Gute Planung ist für Ansgar Hagemann alles: „Ich habe gleich ein paar Telefonate zu erledigen, noch sind nicht alle Quartiere bis Stuttgart sicher.“ Der sportliche 56-jährige winkt mit seinem Mobiltelefon. Seit mehr als 20 Jahren plant der gebürtige Bramscher Pilgerreisen mit dem Rad zu allen größeren Kirchenevents Deutschlands. Längst sind nicht mehr nur Fans seiner Heimatgemeinde St.
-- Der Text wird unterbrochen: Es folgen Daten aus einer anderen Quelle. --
(* Let $\mathcal X=\mathcal X_1\times\cdots\times\mathcal X_b$, $\mathcal X_i=\mathbb R^{m_i\times n_i}$ with trace inner product and norms $\|\cdot\|_{(i)}$ (dual $\|\cdot\|_{(i)\star}$), $f$ continuously differentiable with $f\ge f^\star$, $\mathcal D$ a distribution on subsets of $[b]$, and assume constants $L^0_{i,S},L^1_{i,S}\ge0$ exist such that for all $S\in\operatorname{supp}(\mathcal D)$, $X\in\mathcal X$ and $\Gamma$ with $\Gamma_i=0$ for $i\notin S$: $f(X+\Gamma)-f(X)-\langle\nabla f(X),\Gamma\rangle\le\sum_{i\in S}\frac{L^0_{i,S}+L^1_{i,S}\|\nabla_if(X)\|_{(i)\star}}2\|\Gamma_i\|_{(i)}^2$. Let $S\in\operatorname{supp}(\mathcal D)$. Then for all $X\in\mathcal X$, $$\sum_{i\in S}\frac{\|\nabla_if(X)\|_{(i)\star}^2}{2\left(L^0_{i,S}+L^1_{i,S}\|\nabla_if(X)\|_{(i)\star}\right)}\le f(X)-f^\star.$$
   Context: $\operatorname{supp}(\mathcal D)$ is the set of subsets of $[b]$ with positive probability under $\mathcal D$. *)

theory Defs
  imports "HOL-Analysis.Analysis" "HOL-Probability.Probability_Mass_Function"
begin

text \<open>Real m x n matrices are represented by their entry functions
  A :: nat \<Rightarrow> nat \<Rightarrow> real (row, column; 0-based), required to vanish
  outside the index range r < m, c < n.\<close>

definition mats :: "nat \<Rightarrow> nat \<Rightarrow> (nat \<Rightarrow> nat \<Rightarrow> real) set" where
  "mats m n = {A. \<forall>r c. (r < m \<and> c < n) \<or> A r c = 0}"

definition tr_inner :: "nat \<Rightarrow> nat \<Rightarrow> (nat \<Rightarrow> nat \<Rightarrow> real) \<Rightarrow> (nat \<Rightarrow> nat \<Rightarrow> real) \<Rightarrow> real" where
  "tr_inner m n A B = (\<Sum>r<m. \<Sum>c<n. A r c * B r c)"

definition is_norm_on_mats :: "nat \<Rightarrow> nat \<Rightarrow> ((nat \<Rightarrow> nat \<Rightarrow> real) \<Rightarrow> real) \<Rightarrow> bool" where
  "is_norm_on_mats m n N \<longleftrightarrow>
     (\<forall>A\<in>mats m n. 0 \<le> N A) \<and>
     (\<forall>A\<in>mats m n. N A = 0 \<longleftrightarrow> A = (\<lambda>r c. 0)) \<and>
     (\<forall>A\<in>mats m n. \<forall>t::real. N (\<lambda>r c. t * A r c) = \<bar>t\<bar> * N A) \<and>
     (\<forall>A\<in>mats m n. \<forall>B\<in>mats m n. N (\<lambda>r c. A r c + B r c) \<le> N A + N B)"

definition dual_norm :: "nat \<Rightarrow> nat \<Rightarrow> ((nat \<Rightarrow> nat \<Rightarrow> real) \<Rightarrow> real) \<Rightarrow> (nat \<Rightarrow> nat \<Rightarrow> real) \<Rightarrow> real" where
  "dual_norm m n N G = Sup {tr_inner m n G A | A. A \<in> mats m n \<and> N A \<le> 1}"

text \<open>The product space X_1 x ... x X_b (blocks indexed 0..<b, block i being
  m i x n i matrices) is represented as real^'k, where the finite index type 'k
  is put in bijection with the entry positions (i, r, c) via idx.
  blk idx m n X i is the i-th block of X, as an m i x n i matrix.\<close>
definition blk :: "('k::finite \<Rightarrow> nat \<times> nat \<times> nat) \<Rightarrow> (nat \<Rightarrow> nat) \<Rightarrow> (nat \<Rightarrow> nat)
     \<Rightarrow> real^'k \<Rightarrow> nat \<Rightarrow> (nat \<Rightarrow> nat \<Rightarrow> real)" where
  "blk idx m n X i = (\<lambda>r c. if r < m i \<and> c < n i then X $ (inv idx (i, r, c)) else 0)"

definition prod_inner :: "nat \<Rightarrow> ('k::finite \<Rightarrow> nat \<times> nat \<times> nat) \<Rightarrow> (nat \<Rightarrow> nat) \<Rightarrow> (nat \<Rightarrow> nat)
     \<Rightarrow> real^'k \<Rightarrow> real^'k \<Rightarrow> real" where
  "prod_inner b idx m n X Y = (\<Sum>i<b. tr_inner (m i) (n i) (blk idx m n X i) (blk idx m n Y i))"

end

theory Submission
  imports Defs
begin

text \<open>Write \<open>d\<^sub>i\<close> for the dual norm of the \<open>i\<close>-th gradient block and
  \<open>L\<^sub>i = L0 i S + L1 i S * d\<^sub>i\<close>. Choose \<open>A\<^sub>i\<close> with \<open>N i A\<^sub>i \<le> 1\<close> nearly attaining the
  supremum defining \<open>d\<^sub>i\<close>, and step from \<open>X\<close> by \<open>-(d\<^sub>i / L\<^sub>i) A\<^sub>i\<close> on each block
  \<open>i \<in> S\<close>. The smoothness inequality and \<open>f \<ge> fstar\<close> then give
  \<open>fstar \<le> f X - (\<Sum>i\<in>S. d\<^sub>i\<^sup>2 / (2 L\<^sub>i)) + \<epsilon>\<close> for every \<open>\<epsilon> > 0\<close>.
  Since the norms are arbitrary, the supremum defining \<open>d\<^sub>i\<close> is not a priori finite;
  boundedness follows from the same inequality applied to steps on a single block.\<close>

lemma le_sum_of_approx_infima:
  fixes \<phi> :: "'i \<Rightarrow> 'a \<Rightarrow> real"
  assumes "finite S"
    and approx: "\<And>i e. i \<in> S \<Longrightarrow> 0 < e \<Longrightarrow> \<exists>x\<in>M i. \<phi> i x \<le> v i + e"
    and lower: "\<And>x. (\<And>i. i \<in> S \<Longrightarrow> x i \<in> M i) \<Longrightarrow> a \<le> (\<Sum>i\<in>S. \<phi> i (x i))"
  shows "a \<le> (\<Sum>i\<in>S. v i)"
proof (rule field_le_epsilon)
  fix e :: real
  assume "0 < e"
  define e' where "e' = e / (card S + 1)"
  have "0 < e'" using \<open>0 < e\<close> by (simp add: e'_def)
  then have "\<forall>i\<in>S. \<exists>y. y \<in> M i \<and> \<phi> i y \<le> v i + e'" using approx by blast
  then obtain x where x: "\<And>i. i \<in> S \<Longrightarrow> x i \<in> M i \<and> \<phi> i (x i) \<le> v i + e'"
    using bchoice by metis
  have "a \<le> (\<Sum>i\<in>S. \<phi> i (x i))" using x lower by blast
  also have "\<dots> \<le> (\<Sum>i\<in>S. v i + e')" using x by (intro sum_mono) auto
  also have "\<dots> = (\<Sum>i\<in>S. v i) + card S * e'" by (simp add: sum.distrib)
  also have "card S * e' \<le> e"
    using \<open>0 < e\<close> by (simp add: e'_def field_simps)
  finally show "a \<le> (\<Sum>i\<in>S. v i) + e" by simp
qed

lemma le_single_summand:
  fixes \<phi> :: "'i \<Rightarrow> 'a \<Rightarrow> real"
  assumes "finite S" "i \<in> S" "y \<in> M i"
    and zero: "\<And>j. j \<in> S \<Longrightarrow> z j \<in> M j \<and> \<phi> j (z j) = 0"
    and lower: "\<And>x. (\<And>j. j \<in> S \<Longrightarrow> x j \<in> M j) \<Longrightarrow> a \<le> (\<Sum>j\<in>S. \<phi> j (x j))"
  shows "a \<le> \<phi> i y"
proof -
  have "a \<le> (\<Sum>j\<in>S. \<phi> j ((z(i := y)) j))"
    using assms by (intro lower) auto
  also have "\<dots> = (\<Sum>j\<in>S. if j = i then \<phi> i y else 0)"
    using zero by (intro sum.cong) auto
  also have "\<dots> = \<phi> i y" using assms(1,2) by simp
  finally show ?thesis .
qed

lemma zero_in_mats: "(\<lambda>r c. 0) \<in> mats m n"
  by (simp add: mats_def)

lemma scaled_in_mats: "A \<in> mats m n \<Longrightarrow> (\<lambda>r c. t * A r c) \<in> mats m n"
  by (auto simp: mats_def)

lemma tr_inner_zero_right: "tr_inner m n G (\<lambda>r c. 0) = 0"
  by (simp add: tr_inner_def)

lemma tr_inner_scale_right: "tr_inner m n G (\<lambda>r c. t * A r c) = t * tr_inner m n G A"
  by (simp add: tr_inner_def sum_distrib_left algebra_simps)

lemma is_norm_on_mats_nonneg: "is_norm_on_mats m n N \<Longrightarrow> A \<in> mats m n \<Longrightarrow> 0 \<le> N A"
  by (simp add: is_norm_on_mats_def)

lemma is_norm_on_mats_zero: "is_norm_on_mats m n N \<Longrightarrow> N (\<lambda>r c. 0) = 0"
  using zero_in_mats by (simp add: is_norm_on_mats_def)

lemma is_norm_on_mats_scale:
  "is_norm_on_mats m n N \<Longrightarrow> A \<in> mats m n \<Longrightarrow> N (\<lambda>r c. t * A r c) = \<bar>t\<bar> * N A"
  by (simp add: is_norm_on_mats_def)

definition dual_pairings :: "nat \<Rightarrow> nat \<Rightarrow> ((nat \<Rightarrow> nat \<Rightarrow> real) \<Rightarrow> real)
     \<Rightarrow> (nat \<Rightarrow> nat \<Rightarrow> real) \<Rightarrow> real set" where
  "dual_pairings m n N G = {tr_inner m n G A | A. A \<in> mats m n \<and> N A \<le> 1}"

lemma dual_norm_eq_Sup: "dual_norm m n N G = Sup (dual_pairings m n N G)"
  by (simp add: dual_norm_def dual_pairings_def)

lemma zero_in_dual_pairings: "is_norm_on_mats m n N \<Longrightarrow> 0 \<in> dual_pairings m n N G"
  unfolding dual_pairings_def
  using zero_in_mats is_norm_on_mats_zero tr_inner_zero_right by force

lemma bdd_above_dual_pairings:
  assumes N: "is_norm_on_mats m n N"
    and quad: "\<And>A. A \<in> mats m n \<Longrightarrow> a \<le> tr_inner m n G A + c / 2 * (N A)\<^sup>2"
  shows "bdd_above (dual_pairings m n N G)"
proof (rule bdd_aboveI)
  fix x
  assume "x \<in> dual_pairings m n N G"
  then obtain A where A: "A \<in> mats m n" "N A \<le> 1" and x: "x = tr_inner m n G A"
    by (auto simp: dual_pairings_def)
  have "a \<le> tr_inner m n G (\<lambda>r c. (-1) * A r c) + c / 2 * (N (\<lambda>r c. (-1) * A r c))\<^sup>2"
    using A by (intro quad scaled_in_mats)
  also have "\<dots> = - x + c / 2 * (N A)\<^sup>2"
    using is_norm_on_mats_scale[OF N A(1), of "-1"] tr_inner_scale_right[of m n G "-1" A]
    by (simp add: x)
  also have "c / 2 * (N A)\<^sup>2 \<le> \<bar>c\<bar> / 2"
  proof -
    have "(N A)\<^sup>2 \<le> 1"
      using is_norm_on_mats_nonneg[OF N A(1)] A(2) by (simp add: power_le_one)
    have "c / 2 * (N A)\<^sup>2 \<le> \<bar>c\<bar> / 2 * (N A)\<^sup>2" by (intro mult_right_mono) auto
    also have "\<dots> \<le> \<bar>c\<bar> / 2" using \<open>(N A)\<^sup>2 \<le> 1\<close> by (intro mult_left_le) auto
    finally show ?thesis .
  qed
  finally show "x \<le> \<bar>c\<bar> / 2 - a" by simp
qed

lemma dual_norm_nonneg:
  "is_norm_on_mats m n N \<Longrightarrow> bdd_above (dual_pairings m n N G) \<Longrightarrow> 0 \<le> dual_norm m n N G"
  unfolding dual_norm_eq_Sup by (rule cSup_upper[OF zero_in_dual_pairings])

lemma dual_norm_approx:
  assumes "is_norm_on_mats m n N" "bdd_above (dual_pairings m n N G)" "0 < e"
  obtains A where "A \<in> mats m n" "N A \<le> 1" "dual_norm m n N G - e < tr_inner m n G A"
proof -
  have "dual_norm m n N G - e < Sup (dual_pairings m n N G)"
    using assms(3) by (simp add: dual_norm_eq_Sup)
  then obtain x where "x \<in> dual_pairings m n N G" "dual_norm m n N G - e < x"
    using less_cSup_iff zero_in_dual_pairings assms(1,2) by (metis empty_iff)
  then show ?thesis using that by (auto simp: dual_pairings_def)
qed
Martinus dabei: Heute ging es los:: Eine Gruppe des ADFC Osnabrück und weitere Radfahrer aus ganz Deutschland starteten in zehn Etappen von Münster, dem Ort des letzten Katholikentags 2018, die 650 Kilometer zum 102. Katholikentag, diesmal im Süden.

Trotz seiner langjährigen Erfahrung als radelnder Pilgerführer geht Ansgar Hagemann vor jeder Tour auf Nummer sicher: „Meistens fahre ich die Strecken vorher nochmal ab.“ So 150 Kilometer reißt er dann täglich auf seinem roten Trekkingrad runter und beurteilt Belag, Straßenführung und die Umgebung für eine sichere Fahrt, immerhin wiegt das Gepäck so um die 25 Kilo: „Wenn ich unterwegs feststelle, der Weg gefällt mir nicht, dann drehe ich wieder um und versuche eine andere Strecke.“

Wichtig für Pilgerleiter: Humor und Gelassenheit

Mit seinem Profi-Treckingrad, das eine Kette aus Gummi besitzt, tritt Hagemann jetzt in die Pedale von Münster bis Stuttgart zum Katholikentag. | Foto: Marie-Theres Himstedt
Mit seinem Profi-Treckingrad, das eine Kette aus Gummi besitzt, tritt Hagemann jetzt in die Pedale von Münster bis Stuttgart zum Katholikentag. | Foto: Marie-Theres Himstedt

Es sollen sich alle Teilnehmenden wohlfühlen, es gehe nicht um die sportliche Leistung, sondern um entspanntes Fahren gemeinsam in der Gruppe: „Anders ist es natürlich, wenn wir jüngere Leute dabeihaben, die sind schonmal außer Rand und Band“, erinnert sich der 56-Jährige an eine frühere Tour. „Ich lasse die Eifrigen erstmal machen, und dann sage ich: 'Toll, dass ihr so schnell fahren könnt, aber da hinten hätten wir rechts abbiegen müssen!'"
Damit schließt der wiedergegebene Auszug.